DNA Damage and Repair Mechanisms

The human genome is constantly exposed to endogenous and exogenous sources of DNA damage. DNA repair ensures the integrity of large eukaryotic genomes by minimising mutation rates and thereby suppressing the development of cancer. We are interested in exploring the several highly effective pathways for DNA repair that have distinct specificities and are evolutionary conserved despite partial redundancies. By investigating the genetic interactions of the intricate crosstalk between DNA damage and repair mechanisms our ultimate goal is that our findings may pave the way to rational therapeutic approaches.

Consequences of DNA damage and repair on genomic mutation signatures

Figure 1: Mutations result due to DNA damage and ensuing DNA repair processes. We are developing experimental approaches to identify specific mutational outcomes, known as mutation signatures, that occur within the human genome.

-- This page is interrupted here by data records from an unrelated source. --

lemma sum_chi_dotp_diff:
  assumes "N > 0" "x \<in> ZNd N d" "y \<in> ZNd N d"
  shows "(\<Sum>m\<in>ZNd N d. chi N (dotp d x m - dotp d y m)) = (if x = y then of_nat N ^ d else 0)"
proof -
  have "(\<Sum>m\<in>ZNd N d. chi N (dotp d x m - dotp d y m))
      = (\<Sum>m\<in>ZNd N d. \<Prod>i<d. chi N ((int (x i) - int (y i)) * int (m i)))"
    unfolding dotp_def by (simp add: chi_sum sum_subtractf[symmetric] left_diff_distrib)
  also have "\<dots> = (\<Prod>i<d. \<Sum>k<N. chi N ((int (x i) - int (y i)) * int k))"
    by (rule sum_prod_ZNd)
  also have "\<dots> = (\<Prod>i<d. if x i = y i then of_nat N else 0)"
  proof (rule prod.cong)
    fix i assume "i \<in> {..<d}"
    then have "x i < N" "y i < N"
      using assms unfolding ZNd_def by auto
    then have "\<bar>int (x i) - int (y i)\<bar> < int N" by linarith
    then show "(\<Sum>k<N. chi N ((int (x i) - int (y i)) * int k)) = (if x i = y i then of_nat N else 0)"
      using sum_chi_geometric[OF assms(1)] by simp
  qed simp
  also have "\<dots> = (if x = y then of_nat N ^ d else 0)"
    using ZNd_eq_iff[OF assms(2,3)] by auto
  finally show ?thesis .
qed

The compilation of somatic mutations is the outcome of one or more mutational processes that have been operative due to DNA damage and repair processes. The resulting mutational signature is determined by the intensity and duration of exposure to each mutational process. We seek to systematically map the contribution of various DNA damage and repair processes to the generation of mutation signatures hence deciphering the contribution of genetic and environmental sources to genome stability (Figure 1).

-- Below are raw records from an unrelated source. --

lemma Ccost_eq_sum:
  assumes "\<And>j. admissible (card (Mset x j))"
  shows "Ccost h sigma2 gamma x = ereal (\<Sum>j\<in>UNIV. station_cost j (card (Mset x j)))"
proof -
  define \<phi> where "\<phi> j = sigma2 / hh j * bb / (1 - real (card (Mset x j)) * bb)" for j
  have "Ccost h sigma2 gamma x = (\<Sum>i\<in>UNIV. ereal (\<phi> (x i)))"
    unfolding Ccost_def
  proof (rule sum.cong)
    fix i
    show "pdiv (sigma2 / h i (x i) * beta gamma i) (pos_part (1 - Sload gamma x i)) = ereal (\<phi> (x i))"
      using assms[of "x i"] by (simp add: Sload_eq pos_part_def pdiv_def \<phi>_def beta_const h_const)
  qed simp
  also have "\<dots> = ereal (\<Sum>i\<in>UNIV. \<phi> (x i))" by simp
  also have "(\<Sum>i\<in>UNIV. \<phi> (x i)) = (\<Sum>j\<in>UNIV. \<Sum>i\<in>{i. i \<in> UNIV \<and> x i = j}. \<phi> (x i))"
    by (rule sum.group[symmetric]) auto
  also have "\<dots> = (\<Sum>j\<in>UNIV. \<Sum>i\<in>Mset x j. \<phi> j)"
    unfolding Mset_def by (intro sum.cong) auto
  also have "\<dots> = (\<Sum>j\<in>UNIV. station_cost j (card (Mset x j)))"
    by (simp add: \<phi>_def load_cost_def)
  finally show ?thesis .
qed

lemma Ccost_infinite:
  assumes "\<not> admissible (card (Mset x j))"
  shows "Ccost h sigma2 gamma x = \<infinity>"
proof -
  have "1 \<le> card (Mset x j)" using assms by (rule contrapos_np) (simp add: Suc_le_eq)
  then obtain i where "x i = j" using occupied_station[of x j] by blast
  then have "pos_part (1 - Sload gamma x i) = 0"
    using assms unfolding Sload_eq pos_part_def by simp
  then have "pdiv (sigma2 / h i (x i) * beta gamma i) (pos_part (1 - Sload gamma x i)) = \<infinity>"
    unfolding pdiv_def by simp
  then show ?thesis unfolding Ccost_def by (auto simp add: sum_Pinfty)
qed

lemma cbar_deviate:
  assumes "b \<noteq> x i"
  shows "cbar h sigma2 gamma i (x(i := b)) =
     (if admissible (Suc (card (Mset x b)))
      then ereal (station_cost b (Suc (card (Mset x b))) - station_cost b (card (Mset x b))) else \<infinity>)"
proof -
  have "cbar h sigma2 gamma i (x(i := b)) =
     (if admissible (card (Mset (x(i := b)) b))
      then ereal (station_cost b (card (Mset (x(i := b)) b)) - station_cost b (card (Mset (x(i := b)) b) - 1))
      else \<infinity>)"
    using cbar_eq[of i "x(i := b)"] by (simp only: fun_upd_same)
  then show ?thesis by (simp only: card_Mset_update[of b x i, OF assms] diff_Suc_1)
qed

context
  fixes a :: "'m \<Rightarrow> 'n"
  assumes nash: "nash_eq h sigma2 gamma a"
    and feas: "\<exists>a0 :: 'm \<Rightarrow> 'n. feasible gamma a0"
begin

Synthetic lethal and viable interactions

Figure 2: 1. DNA damage is preferentially repaired by Pathway 1 and 2. mutations in Gene B within this pathway lead to defects in DNA repair. 3. Mutation of Gene A, that is a suppressor of alternative Pathway 2, allows for resumption of DNA repair. 4. Inhibition of Gene A is an alternative approach to allow for the alternative Pathway 2 to be utilized.

Complex interactions between different genes have been a focus of genetic research on model organisms for decades. The concepts of synthetic lethality and synthetic viability have been extensively explored because defects in a specific cellular pathway may (de)sensitize cells for the loss of another. Using genome-scale approaches, including CRISPR screens, we aim to identify new therapeutic targets, at scale, to ameliorate pathologies. Our hypothesis is that through the exploration of genetic, proteomic and chemical space will identify novel regulatory pathways for DNA repair (Figure 2). 

Repair of CRISPR-Cas9 generated DNA breaks

Figure 3: DNA breaks generated by Cas9 are repaired in an error-free manner via homology-directed repair or in an error-prone manner via either classical non-homologous end-joining or microhomology-mediated end-joining.

Repair of DNA double-strand breaks is thought to occur mainly via two major pathways: error-prone non-homologous and joining (NHEJ) and error-free homologous recombination (HR).

An enzyme that generates DNA double strand breaks, and is extensively used to promote gene editing, is Cas9. While large efforts have gone into the utilization of CRISPR-Cas9 for gene editing purposes, comparatively little advancement has been made with regard to the cellular mechanisms by which DNA lesions generated by Cas9 are dealt with.

We are interested in understanding the contribution of DNA repair pathways to the resolution of DNA double-strand breaks generated by different versions of Cas9 (Figure 3).